Responsibility doesn’t end at polls
With the political campaigns put to rest for another year, most of us are breathing a sigh of relief and going on to other things. After all, we bore all those terrible TV attack ads, doled out a lot of non-tax deductible dollars, and even went to the polls and cast our votes. It is a real temptation to feel it is now proper to turn it over to those we elected and let them do the work for which they campaigned. They are to represent us, aren’t they? We’ll send them off to represent us, we say. But it just doesn’t work that way in the United States. We didn’t elect a dictator. We are, indeed, to be a representative form of democracy and our governmental leaders are to do just that ‘ take our ideas and needs and hopes to the arena of discussion and decision making.
On Election Day, I asked a young lady if she had voted. Her reply was depressing, yet not uncommon. ‘I don’t vote,’ she said, ‘because everything is too complicated, and I don’t understand it all.

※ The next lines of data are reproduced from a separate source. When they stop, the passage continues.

(* Let $d\geq 1$, let $p_1<p_2<\dots<p_d$ be the first $d$ prime numbers, let $N\geq 1$ be an integer, and let $C>1$ and $\sigma\in\mathbb{R}$. Let $\mathbf{S}_1$ be the $(d+1)\times d$ real matrix whose $i$-th column ($1\le i\le d$) has entry $\ln p_i$ in row $i$, entry $C\ln p_i$ in row $d+1$, and zeros elsewhere, and let $\mathbf{t}=(0,\dots,0,C\ln N)^T\in\mathbb{R}^{d+1}$. Let $\mathbf{z}=(z_1,\dots,z_d)\in\mathbb{Z}^{d}$ and put $$u=\prod_{1\le i\le d,\ z_i>0}p_i^{z_i},\qquad k=\prod_{1\le i\le d,\ z_i<0}p_i^{-z_i}.$$ If $$\|\mathbf{S}_1\mathbf{z}-\mathbf{t}\|_1\leq 2\ln C+2\sigma\ln p_d-\ln N,$$ then $|u-kN|\leq p_d^{\sigma}$.
   Context: $\ln$ denotes the natural logarithm and $\|\cdot\|_1$ the $\ell^1$ norm on $\mathbb{R}^{d+1}$. Empty products equal $1$. *)

theory Defs
  imports Complex_Main "HOL-Library.Infinite_Set" "HOL-Computational_Algebra.Primes"
begin

text \<open>The i-th prime, 1-indexed: nth_prime 1 = 2, nth_prime 2 = 3, ...\<close>
definition nth_prime :: "nat \<Rightarrow> nat" where
  "nth_prime i = enumerate {q::nat. prime q} (i - 1)"

definition S1 :: "nat \<Rightarrow> real \<Rightarrow> nat \<Rightarrow> nat \<Rightarrow> real" where
  "S1 d C r j = (if r = j then ln (nth_prime j)
                 else if r = d + 1 then C * ln (nth_prime j) else 0)"

definition tvec :: "nat \<Rightarrow> real \<Rightarrow> nat \<Rightarrow> nat \<Rightarrow> real" where
  "tvec d C N r = (if r = d + 1 then C * ln (real N) else 0)"

definition l1_dist :: "nat \<Rightarrow> real \<Rightarrow> nat \<Rightarrow> (nat \<Rightarrow> int) \<Rightarrow> real" where
  "l1_dist d C N z = (\<Sum>r=1..d+1. \<bar>(\<Sum>j=1..d. S1 d C r j * real_of_int (z j)) - tvec d C N r\<bar>)"

end

theory Submission imports Defs begin

text \<open>
  Write \<open>K = k N\<close>. Since \<open>S\<^sub>1 z\<close> has entries \<open>z\<^sub>i ln p\<^sub>i\<close> and \<open>C (ln u - ln k)\<close>, the
  hypothesis reads \<open>ln u + ln K + C \<bar>ln u - ln K\<bar> \<le> 2 ln C + 2 ln A\<close> with \<open>A = p\<^sub>d\<^sup>\<sigma>\<close>.
  For \<open>u \<ge> K\<close>, halving gives \<open>u (u/K)\<^sup>b \<le> C A\<close> with \<open>C = 1 + 2b\<close>, and \<open>u - K \<le> A\<close>
  follows from \<open>(1 + 2b) (1 - s) s\<^sup>b \<le> 1\<close> at \<open>s = K/u\<close>: the left side is maximal at
  \<open>s = b/(1+b)\<close>, where the bound reduces to \<open>ln (1 + 1/b) \<ge> 1/(1+b)\<close>.
\<close>

lemma ln_one_minus_plus_mult_ln_le:
  fixes b s :: real
  assumes b: "b > 0" and s: "0 < s" "s < 1"
  shows "ln (1 - s) + b * ln s \<le> b * ln b - (b + 1) * ln (b + 1)"
proof -
  have "ln ((1 - s) * (b + 1)) \<le> (1 - s) * (b + 1) - 1"
    using s b by (intro ln_le_minus_one) auto
  then have first: "ln (1 - s) + ln (b + 1) \<le> (1 - s) * (b + 1) - 1"
    using s b by (simp add: ln_mult)
  have "b * ln (s * (b + 1) / b) \<le> b * (s * (b + 1) / b - 1)"
    using s b by (intro mult_left_mono ln_le_minus_one) auto
  also have "\<dots> = s * (b + 1) - b"
    using b by (simp add: field_simps)
  also have "ln (s * (b + 1) / b) = ln s + ln (b + 1) - ln b"
    using s b by (simp add: ln_mult ln_div)
  finally have second: "b * ln s + b * ln (b + 1) - b * ln b \<le> s * (b + 1) - b"
    by (simp only: right_diff_distrib distrib_left)
  show ?thesis using first second by (simp add: algebra_simps)
qed

lemma ln_one_plus_two_mult_le:
  fixes b :: real
  assumes b: "b > 0"
  shows "ln (1 + 2 * b) \<le> (b + 1) * ln (b + 1) - b * ln b"
proof -
  have "ln (1 + b / (b + 1)) \<le> b / (b + 1)"
    using b by (intro ln_add_one_self_le_self) auto
  moreover have "1 + b / (b + 1) = (1 + 2 * b) / (b + 1)"
    using b by (simp add: field_simps)
  ultimately have first: "ln (1 + 2 * b) - ln (b + 1) \<le> b / (b + 1)"
    using b by (simp add: ln_div)
  have "b * ln (b / (b + 1)) \<le> b * (b / (b + 1) - 1)"
    using b by (intro mult_left_mono ln_le_minus_one) auto
  then have second: "b * ln b - b * ln (b + 1) \<le> - (b / (b + 1))"
    using b by (simp add: ln_div field_simps)
  show ?thesis using first second by (simp add: algebra_simps)
qed

lemma abs_diff_le_of_ln_bound:
  fixes u K C A :: real
  assumes "u > 0" and "K > 0" and C: "C > 1" and "A > 0"
    and "ln u + ln K + C * \<bar>ln u - ln K\<bar> \<le> 2 * ln C + 2 * ln A"
  shows "\<bar>u - K\<bar> \<le> A"
  using assms
proof (induction u K rule: linorder_wlog)
  case (sym K u)
  then show ?case by (simp add: abs_minus_commute add.commute)
next
  case (le K u)
  show ?case
  proof (cases "K = u")
    case True
    then show ?thesis using le by simp
  next
    case False
    define s where "s = K / u"
    define b where "b = (C - 1) / 2"
    have s: "0 < s" "s < 1" using le False by (auto simp: s_def)
    have b: "b > 0" using C by (simp add: b_def)
    have ln_s: "ln s = ln K - ln u" using le by (simp add: s_def ln_div)
    have "1 + 2 * b = C" by (simp add: b_def field_simps)
    then have "ln C + ln (1 - s) + b * (ln K - ln u) \<le> 0"
      using ln_one_minus_plus_mult_ln_le[OF b s] ln_one_plus_two_mult_le[OF b] ln_s by simp
    moreover have "ln u + ln K + C * (ln u - ln K) \<le> 2 * ln C + 2 * ln A"
      using le by simp
    then have "ln u + b * (ln u - ln K) \<le> ln C + ln A"
      by (simp add: b_def field_simps)
    moreover have "ln (u * (1 - s)) = ln u + ln (1 - s)"
      using le s by (simp add: ln_mult)
    ultimately have "ln (u * (1 - s)) \<le> ln A"
      by (simp add: algebra_simps)
    then have "u * (1 - s) \<le> A" using le s by simp
    moreover have "u * (1 - s) = u - K" using le by (simp add: s_def field_simps)
    ultimately show ?thesis using le by simp
  qed
qed

lemma nth_prime_prime: "prime (nth_prime i)"
  unfolding nth_prime_def using enumerate_in_set[OF primes_infinite] by simp

lemma ln_nth_prime_nonneg: "ln (real (nth_prime i)) \<ge> 0"
  using prime_ge_1_nat[OF nth_prime_prime] by simp

definition pos_prime_prod :: "nat \<Rightarrow> (nat \<Rightarrow> int) \<Rightarrow> nat" where
  "pos_prime_prod d w = (\<Prod>i\<in>{i\<in>{1..d}. w i > 0}. nth_prime i ^ nat (w i))"

lemma pos_prime_prod_pos: "pos_prime_prod d w > 0"
  unfolding pos_prime_prod_def using prime_gt_0_nat[OF nth_prime_prime] by (simp add: prod_pos)

lemma ln_pos_prime_prod:
  "ln (real (pos_prime_prod d w)) = (\<Sum>i=1..d. ln (real (nth_prime i)) * of_int (max (w i) 0))"
proof -
  have "ln (real (pos_prime_prod d w))
        = (\<Sum>i\<in>{i\<in>{1..d}. w i > 0}. ln (real (nth_prime i) ^ nat (w i)))"
    unfolding pos_prime_prod_def using prime_gt_0_nat[OF nth_prime_prime]
    by (simp add: ln_prod)
  also have "\<dots> = (\<Sum>i=1..d. ln (real (nth_prime i)) * of_int (max (w i) 0))"
    using prime_gt_0_nat[OF nth_prime_prime]
    by (subst sum.inter_filter) (auto simp: ln_realpow intro!: sum.cong)
  finally show ?thesis .
qed

lemma l1_dist_eq_ln_prime_prods:
  assumes "C \<ge> 0"
  shows "l1_dist d C N z
    = ln (real (pos_prime_prod d z)) + ln (real (pos_prime_prod d (\<lambda>i. - z i)))
      + C * \<bar>ln (real (pos_prime_prod d z)) - ln (real (pos_prime_prod d (\<lambda>i. - z i))) - ln N\<bar>"
proof -
  define x where "x j = ln (real (nth_prime j)) * of_int (z j)" for j
  have row: "(\<Sum>j=1..d. S1 d C r j * of_int (z j)) = x r" if "r \<in> {1..d}" for r
    using that by (simp add: S1_def x_def if_distrib[of "\<lambda>a. a * _"] sum.delta cong: if_cong)
  have last_row: "(\<Sum>j=1..d. S1 d C (d + 1) j * of_int (z j)) = C * (\<Sum>j=1..d. x j)"
    by (simp add: S1_def x_def sum_distrib_left mult.assoc)
  have "l1_dist d C N z = (\<Sum>r=1..d. \<bar>x r\<bar>) + C * \<bar>(\<Sum>j=1..d. x j) - ln N\<bar>"
    using row last_row assms
    by (simp add: l1_dist_def sum.cl_ivl_Suc tvec_def abs_mult right_diff_distrib[symmetric])
  moreover have "\<bar>x j\<bar> = ln (real (nth_prime j)) * of_int (max (z j) 0)
                       + ln (real (nth_prime j)) * of_int (max (- z j) 0)" for j
    using ln_nth_prime_nonneg[of j] by (cases "z j \<ge> 0") (simp_all add: x_def abs_mult)
  moreover have "x j = ln (real (nth_prime j)) * of_int (max (z j) 0)
                     - ln (real (nth_prime j)) * of_int (max (- z j) 0)" for j
    by (cases "z j \<ge> 0") (simp_all add: x_def)
  ultimately show ?thesis
    by (simp add: ln_pos_prime_prod sum.distrib sum_subtractf)
qed

theorem theorem2:
  fixes d N :: nat and C \<sigma> :: real and z :: "nat \<Rightarrow> int"
  assumes "d \<ge> 1" and "N \<ge> 1" and "C > 1"
    and "l1_dist d C N z \<le> 2 * ln C + 2 * \<sigma> * ln (nth_prime d) - ln N"
  shows "\<bar>real (\<Prod>i\<in>{i\<in>{1..d}. z i > 0}. nth_prime i ^ nat (z i))
           - real (\<Prod>i\<in>{i\<in>{1..d}. z i < 0}. nth_prime i ^ nat (- z i)) * real N\<bar>
         \<le> real (nth_prime d) powr \<sigma>"
proof -
  define u where "u = real (pos_prime_prod d z)"
  define k where "k = real (pos_prime_prod d (\<lambda>i. - z i))"
  define A where "A = real (nth_prime d) powr \<sigma>"
  have pos: "u > 0" "k > 0" "real N > 0" "A > 0"
    using pos_prime_prod_pos assms(2) prime_gt_0_nat[OF nth_prime_prime]
    by (auto simp: u_def k_def A_def)
  have "ln A = \<sigma> * ln (nth_prime d)"
    using prime_gt_0_nat[OF nth_prime_prime] by (simp add: A_def ln_powr)
  then have "ln u + ln (k * N) + C * \<bar>ln u - ln (k * N)\<bar> \<le> 2 * ln C + 2 * ln A"
    using assms(4) l1_dist_eq_ln_prime_prods[of C d N z] assms(3) pos
    by (simp add: u_def k_def ln_mult algebra_simps)
  then have "\<bar>u - k * N\<bar> \<le> A"
    using abs_diff_le_of_ln_bound assms(3) pos by simp
  then show ?thesis by (simp add: u_def k_def A_def pos_prime_prod_def)
qed

end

So I leave it to others.’
I hope ‘the others’ she refers to can either read her mind or have lived her identical life; otherwise her needs and conditions will not be included in the mix when issues are addressed.
Our world, its people and their events are complex and confusing. The day before the elections, I returned from the annual meeting of The National Trust for Historic Preservation. Some might think that an organization with a name like that just studied old buildings and wanted the world to be put on hold with a mind set of the past. Not so. The workshops and speeches addressed the same challenges that are faced by us as we go about our days in this busy world. And don’t their topics sound familiar to us here in Southern Indiana: urban sprawl, rising energy costs, smart growth, zoning regulations, economic development initiatives, heritage tourism, educational demands, immigration shifts and social unrest. These are not simple issues and are the same challenges faced by all social entities of today.
Now I found to compound the problem of understanding all that was involved in a topic discussed, was the use of acronyms. Acronyms, that ‘in-house’ jargon used by professionals who have studied and talked on the subject extensively. Not wanting to appear dumb, the tendency often is to not ask questions, not debate and certainly not challenge someone using such speak. Organizations, projects and concepts are called by initials that represent the whole title they bear. It does speed up the process, but it sure strips it of actual value.
It reminded me of my first meeting as a board member of Silver Crest Development Center. The established members of the board kept referring to the ‘gravity free area’ of a new building; I finally summoned up the courage to ask exactly what the ‘gravity free area’ was. ‘The swimming pool,’ they all responded. For years after whenever someone started to address a name with a set of letters from the alphabet, everyone would ask, ‘Is that the swimming pool you are talking about?’ It brought a big laugh to our meeting and even better, a lot of dissecting issues and really trying to understand.
One of the responsibilities we as citizens have, now that the elections are over, is to demand that those we elected to represent us present the discussions to us in a way that tells us they understand what they are talking about and that we can too. And when they talk in a comprehensible fashion, we must take the time and effort to listen and respond.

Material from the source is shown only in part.